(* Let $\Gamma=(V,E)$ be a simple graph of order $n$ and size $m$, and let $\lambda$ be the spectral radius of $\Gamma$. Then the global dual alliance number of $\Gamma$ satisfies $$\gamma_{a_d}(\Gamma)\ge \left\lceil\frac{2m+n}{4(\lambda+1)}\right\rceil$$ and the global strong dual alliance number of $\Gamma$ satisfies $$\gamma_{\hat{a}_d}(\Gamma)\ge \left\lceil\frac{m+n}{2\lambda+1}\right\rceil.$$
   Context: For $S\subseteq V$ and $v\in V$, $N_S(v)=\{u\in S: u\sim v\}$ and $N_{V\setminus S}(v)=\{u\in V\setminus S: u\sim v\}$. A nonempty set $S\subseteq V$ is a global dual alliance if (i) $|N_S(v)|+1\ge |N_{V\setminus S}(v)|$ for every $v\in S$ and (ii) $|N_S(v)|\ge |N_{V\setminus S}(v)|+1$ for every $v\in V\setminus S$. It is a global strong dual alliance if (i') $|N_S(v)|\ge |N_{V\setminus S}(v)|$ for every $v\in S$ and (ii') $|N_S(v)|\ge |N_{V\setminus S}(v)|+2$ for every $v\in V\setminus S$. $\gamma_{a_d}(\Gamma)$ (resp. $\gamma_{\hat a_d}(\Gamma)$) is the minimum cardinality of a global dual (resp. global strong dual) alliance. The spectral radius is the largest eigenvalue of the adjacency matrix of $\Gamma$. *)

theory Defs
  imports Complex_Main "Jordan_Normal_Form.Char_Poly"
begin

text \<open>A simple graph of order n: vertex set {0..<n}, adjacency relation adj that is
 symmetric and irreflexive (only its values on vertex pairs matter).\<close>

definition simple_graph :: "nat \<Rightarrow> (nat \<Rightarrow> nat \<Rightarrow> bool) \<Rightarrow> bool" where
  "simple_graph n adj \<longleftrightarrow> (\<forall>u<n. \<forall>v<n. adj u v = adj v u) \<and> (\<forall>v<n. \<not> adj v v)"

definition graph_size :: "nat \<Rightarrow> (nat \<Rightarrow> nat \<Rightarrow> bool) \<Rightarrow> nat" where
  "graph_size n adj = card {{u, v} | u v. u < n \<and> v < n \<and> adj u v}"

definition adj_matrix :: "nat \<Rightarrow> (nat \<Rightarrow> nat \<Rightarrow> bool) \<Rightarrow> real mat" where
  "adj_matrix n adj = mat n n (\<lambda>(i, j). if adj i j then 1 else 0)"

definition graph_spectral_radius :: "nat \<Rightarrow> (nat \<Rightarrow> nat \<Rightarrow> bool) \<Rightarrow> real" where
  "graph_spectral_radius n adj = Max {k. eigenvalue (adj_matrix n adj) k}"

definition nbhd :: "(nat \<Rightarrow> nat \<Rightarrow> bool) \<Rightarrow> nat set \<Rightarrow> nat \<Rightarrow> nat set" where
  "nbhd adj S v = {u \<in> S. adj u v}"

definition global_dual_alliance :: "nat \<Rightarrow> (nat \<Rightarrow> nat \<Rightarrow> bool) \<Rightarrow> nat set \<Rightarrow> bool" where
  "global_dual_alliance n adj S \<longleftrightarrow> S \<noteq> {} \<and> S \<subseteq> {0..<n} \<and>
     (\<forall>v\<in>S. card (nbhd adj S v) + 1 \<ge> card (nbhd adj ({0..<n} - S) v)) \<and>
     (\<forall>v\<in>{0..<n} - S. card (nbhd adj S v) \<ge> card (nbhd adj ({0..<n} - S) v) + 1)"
____
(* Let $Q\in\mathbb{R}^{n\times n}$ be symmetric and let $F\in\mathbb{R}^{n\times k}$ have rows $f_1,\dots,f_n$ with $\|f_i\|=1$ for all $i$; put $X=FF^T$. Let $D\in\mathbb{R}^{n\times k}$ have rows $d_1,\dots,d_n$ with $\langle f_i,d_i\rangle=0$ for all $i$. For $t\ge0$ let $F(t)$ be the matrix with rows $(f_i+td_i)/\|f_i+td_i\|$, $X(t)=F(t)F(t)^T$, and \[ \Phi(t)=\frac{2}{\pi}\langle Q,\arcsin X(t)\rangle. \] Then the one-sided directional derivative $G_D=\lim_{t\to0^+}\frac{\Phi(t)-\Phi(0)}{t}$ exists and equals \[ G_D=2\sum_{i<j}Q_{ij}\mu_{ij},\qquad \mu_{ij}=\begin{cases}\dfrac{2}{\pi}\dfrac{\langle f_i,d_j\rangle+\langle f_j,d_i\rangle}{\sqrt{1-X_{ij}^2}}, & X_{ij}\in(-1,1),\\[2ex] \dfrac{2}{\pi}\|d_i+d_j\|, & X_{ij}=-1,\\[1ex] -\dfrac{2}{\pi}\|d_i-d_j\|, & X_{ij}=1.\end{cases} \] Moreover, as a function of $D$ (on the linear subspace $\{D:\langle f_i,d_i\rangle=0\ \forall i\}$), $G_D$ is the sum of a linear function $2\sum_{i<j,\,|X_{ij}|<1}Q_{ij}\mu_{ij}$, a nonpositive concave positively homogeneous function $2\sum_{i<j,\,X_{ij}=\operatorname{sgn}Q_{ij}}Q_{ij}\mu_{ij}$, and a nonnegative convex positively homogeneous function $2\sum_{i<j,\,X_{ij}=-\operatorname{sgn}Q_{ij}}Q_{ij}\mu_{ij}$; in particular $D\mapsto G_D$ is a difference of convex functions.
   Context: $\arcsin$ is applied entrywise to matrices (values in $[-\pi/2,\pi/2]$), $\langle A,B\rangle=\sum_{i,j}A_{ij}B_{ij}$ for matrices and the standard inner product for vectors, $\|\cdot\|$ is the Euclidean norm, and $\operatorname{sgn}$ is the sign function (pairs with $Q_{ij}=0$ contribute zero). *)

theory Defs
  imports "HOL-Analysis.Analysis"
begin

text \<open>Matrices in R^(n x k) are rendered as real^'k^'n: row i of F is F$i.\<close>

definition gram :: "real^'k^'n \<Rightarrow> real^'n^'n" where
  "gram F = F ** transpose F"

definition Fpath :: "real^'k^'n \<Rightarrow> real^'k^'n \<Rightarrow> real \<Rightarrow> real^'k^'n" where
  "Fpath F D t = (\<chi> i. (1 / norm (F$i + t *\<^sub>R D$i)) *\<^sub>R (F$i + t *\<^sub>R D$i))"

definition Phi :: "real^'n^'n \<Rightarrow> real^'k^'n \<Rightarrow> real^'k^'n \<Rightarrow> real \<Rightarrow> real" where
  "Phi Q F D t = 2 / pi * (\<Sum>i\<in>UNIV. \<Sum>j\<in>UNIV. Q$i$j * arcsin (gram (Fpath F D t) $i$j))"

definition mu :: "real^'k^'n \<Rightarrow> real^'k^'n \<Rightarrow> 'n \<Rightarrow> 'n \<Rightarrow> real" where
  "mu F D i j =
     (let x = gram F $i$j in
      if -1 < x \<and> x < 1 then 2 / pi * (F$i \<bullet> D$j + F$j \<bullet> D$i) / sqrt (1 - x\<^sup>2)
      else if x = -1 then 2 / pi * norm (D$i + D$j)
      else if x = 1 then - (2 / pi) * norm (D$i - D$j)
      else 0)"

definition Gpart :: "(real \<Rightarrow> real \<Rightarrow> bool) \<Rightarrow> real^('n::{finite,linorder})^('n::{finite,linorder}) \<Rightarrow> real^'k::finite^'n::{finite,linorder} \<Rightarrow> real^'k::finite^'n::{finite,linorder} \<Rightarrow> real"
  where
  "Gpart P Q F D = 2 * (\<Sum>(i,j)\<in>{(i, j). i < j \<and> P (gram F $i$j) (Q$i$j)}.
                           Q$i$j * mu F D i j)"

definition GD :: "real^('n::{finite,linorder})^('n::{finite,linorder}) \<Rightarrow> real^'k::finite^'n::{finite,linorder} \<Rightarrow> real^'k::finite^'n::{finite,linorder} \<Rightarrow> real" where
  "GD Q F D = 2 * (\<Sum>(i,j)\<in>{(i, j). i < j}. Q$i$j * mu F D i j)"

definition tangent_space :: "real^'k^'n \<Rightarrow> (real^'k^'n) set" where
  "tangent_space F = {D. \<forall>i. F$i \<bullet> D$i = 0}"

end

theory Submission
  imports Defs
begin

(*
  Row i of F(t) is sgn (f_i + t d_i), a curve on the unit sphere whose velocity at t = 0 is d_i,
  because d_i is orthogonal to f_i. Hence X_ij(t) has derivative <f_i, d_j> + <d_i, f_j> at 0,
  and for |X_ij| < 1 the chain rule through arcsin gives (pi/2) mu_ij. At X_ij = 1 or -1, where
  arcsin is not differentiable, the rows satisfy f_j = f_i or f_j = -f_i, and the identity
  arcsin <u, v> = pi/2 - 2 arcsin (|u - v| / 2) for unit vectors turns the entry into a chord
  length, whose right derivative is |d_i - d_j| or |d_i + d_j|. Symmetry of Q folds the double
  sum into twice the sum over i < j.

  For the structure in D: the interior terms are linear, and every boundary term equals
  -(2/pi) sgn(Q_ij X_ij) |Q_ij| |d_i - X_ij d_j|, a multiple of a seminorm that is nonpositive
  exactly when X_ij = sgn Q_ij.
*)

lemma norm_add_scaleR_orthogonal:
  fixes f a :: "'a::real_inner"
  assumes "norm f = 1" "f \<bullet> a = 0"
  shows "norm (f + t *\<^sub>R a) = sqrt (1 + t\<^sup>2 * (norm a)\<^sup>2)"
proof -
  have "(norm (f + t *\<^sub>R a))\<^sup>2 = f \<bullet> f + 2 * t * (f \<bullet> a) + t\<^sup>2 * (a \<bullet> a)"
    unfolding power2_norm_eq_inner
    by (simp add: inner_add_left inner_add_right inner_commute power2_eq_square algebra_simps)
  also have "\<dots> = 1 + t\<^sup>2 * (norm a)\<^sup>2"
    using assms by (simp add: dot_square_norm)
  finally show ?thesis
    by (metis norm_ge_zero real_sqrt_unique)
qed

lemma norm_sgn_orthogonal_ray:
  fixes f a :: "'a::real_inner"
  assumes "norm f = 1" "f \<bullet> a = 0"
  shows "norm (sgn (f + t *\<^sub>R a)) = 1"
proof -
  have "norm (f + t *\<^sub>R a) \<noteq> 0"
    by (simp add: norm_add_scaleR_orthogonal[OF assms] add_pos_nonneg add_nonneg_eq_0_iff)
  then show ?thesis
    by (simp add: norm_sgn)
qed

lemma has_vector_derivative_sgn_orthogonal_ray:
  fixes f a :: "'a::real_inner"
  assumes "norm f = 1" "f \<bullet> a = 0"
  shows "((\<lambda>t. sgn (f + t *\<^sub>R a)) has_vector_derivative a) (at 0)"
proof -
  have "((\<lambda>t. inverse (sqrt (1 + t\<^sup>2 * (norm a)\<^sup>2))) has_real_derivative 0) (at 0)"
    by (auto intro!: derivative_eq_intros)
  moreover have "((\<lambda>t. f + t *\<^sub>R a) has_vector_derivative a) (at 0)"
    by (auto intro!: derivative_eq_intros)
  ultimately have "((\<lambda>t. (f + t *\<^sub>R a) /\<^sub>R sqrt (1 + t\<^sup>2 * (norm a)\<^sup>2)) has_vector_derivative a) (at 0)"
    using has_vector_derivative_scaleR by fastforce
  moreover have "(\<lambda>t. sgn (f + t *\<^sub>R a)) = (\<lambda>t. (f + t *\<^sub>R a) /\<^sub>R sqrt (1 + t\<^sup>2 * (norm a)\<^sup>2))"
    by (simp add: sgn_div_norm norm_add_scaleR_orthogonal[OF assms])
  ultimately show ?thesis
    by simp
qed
____
▸ **What to produce**: Going through the material, find each line with the string "unit". Then state only how many there are.

▸ **Solution to the problem**: 2